Gravitational waves as a probe for cosmology and non-standard physics

Abstract

The direct detection of Gravitational Waves (GWs) in 2015 revealed an entirely new way of studying the Universe and fundamental physics. This tremendous achievement, almost 100 years since the initial study of GWs by Einstein, allows us to see into regions invisible to our standard Electromagnetic (EM) observations, from the primordial universe to the interior of neutron stars.

In this thesis, we exploit this new probe to investigate a number of physical characteristics of the Universe and to test our current understanding of Einstein’s General Theory of Relativity. To accomplish this, we use powerful cosmological simulations, which are able to replicate the observed large-scale structure down to complex, non-linear scales.

More specifically: In Chapter 1, we review the current paradigm of cosmology, the LCDM model and its limitations. We motivate some of the fundamental assumptions and problems that we aim to tackle in the next chapters, and provide a brief introduction to GWs and their propagation in spacetime.

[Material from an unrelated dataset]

(* $\mathrm T_s(\mathbb F) \not\subseteq \mathsf{AC}^0$. In particular, the language $\mathrm{MAJ}=\{w\in\{0,1\}^+ : \#_1(w) > \#_0(w)\}$, where $\#_\sigma(w)$ is the number of occurrences of $\sigma$ in $w$, is recognized by a transformer over floats with saturated attention and size-preserving embedding and activation functions, yet is not in $\mathsf{AC}^0$.
   Context: Datatypes. All values are binary strings. A float is a rational number whose denominator is a power of $2$, encoded as a sign bit together with a pair $\langle p,q\rangle$ of unsigned binary integers (value $(2s-1)p/q$, $q$ a power of $2$); addition and multiplication are exact rational operations (which yield floats). Division is implemented via an approximate inverse: for an integer $p$, $p^{-1}$ has numerator $\lfloor 2^{|p|}/p\rfloor$ and denominator $2^{|p|}$; dividing by a float $\langle p,q\rangle$ multiplies by numerator $\lfloor 2^{|p|}/p\rfloor\cdot q$ over denominator $2^{|p|}$. The size $|x|$ of a value is its length in bits. A function $f$ on bitstrings is size-preserving if there are constants $c,N$ with $|f(x)|\le c|x|$ whenever $|x|\ge N$; $\mathcal S$ is the set of such functions. Saturated attention: for $a\in\mathbb D^n$, $\mathcal M(a)=\{i:a_i=\max_j a_j\}$, $s(a)_j=1/|\mathcal M(a)|$ for $j\in\mathcal M(a)$, else $0$. Transformer over datatype $\mathbb D$ with alphabet $\Sigma$, dimension $k$, $L$ layers, $H$ heads: embedding $\phi:\Sigma\times\mathbb N\to\mathbb D^k$ in $\mathcal S$, scoring functions $s_{\ell,h}:\mathbb D^k\times\mathbb D^k\to\mathbb D$, activation functions $f_\ell\in\mathcal S$. On $w\in\Sigma^n$: $v_{0,i}=\phi(w_i,i)$; $a_{\ell,h,i,j}=s_{\ell,h}(v_{\ell,i},v_{\ell,j})$; $b_{\ell+1,h,i}=\sum_j\alpha(a_{\ell,h,i,\cdot})_j v_{\ell,j}$ (arithmetic in $\mathbb D$); $v_{\ell+1,i}=f_{\ell+1}(v_{\ell,i},b_{\ell+1,1,i},\dots,b_{\ell+1,H,i})$. It recognizes $L$ if for a rational affine map $W,b$: $W v_{L,1}(w)+b>0\iff w\in L$. $\mathrm T_\alpha(\mathbb D)$ is the class of languages so recognized with attention $\alpha$, datatype $\mathbb D$, some $k$, and embedding/activation functions in $\mathcal S$. $\mathsf{AC}^0$ is the class of languages $L\subseteq\{0,1\}^*$ recognized by a (non-uniform) family of circuits $\{C_n\}$, with unbounded fan-in AND/OR gates (inputs are the bits and their negations), polynomial size and constant depth, where $C_{|w|}(w)=1\iff w\in L$. *)

theory Defs
  imports Complex_Main
begin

In Chapter 2, we describe our numerical simulations and their outputs for the values of gravitational potentials.

In Chapter 3, we exploit GWs Standard Sirens, i.e. GWs observations where we are able to locate their counterpart sources in the EM spectrum, in order to constrain the level of inhomogeneities in our Universe. In parallel, we test possible degeneracies of the former with theories that modify general relativity.

In Chapter 4, we study the presence of inhomogeneities on the propagation of GWs. We derive a modified propagation equation due to the presence of matter anisotropies. We solve the latter numerically, exploiting realistic environments from numerical simulations. For this, we develop a novel ray-tracing approach. As a result, we are able to derive potential effects on the stochastic GW background and examine lensing observables and their cosmological applications.

Finally, in Chapter 5, we investigate the power of galaxies’ clustering on a statistical method of determination of the Hubble-Lemaˆıtre parameter based on GWs. Since the majority of GWs observations will not have an EM counterpart, we can combine in a statistical way, the galaxies that reside within the GWs sky localisation region, in order to determine H0. We estimate the capabilities of the method, in realistic environments with clustered galaxies, from numerical simulations. At the same time, we evaluate the importance of clustering, when galaxies are missing from survey catalogues, due to observational limitations.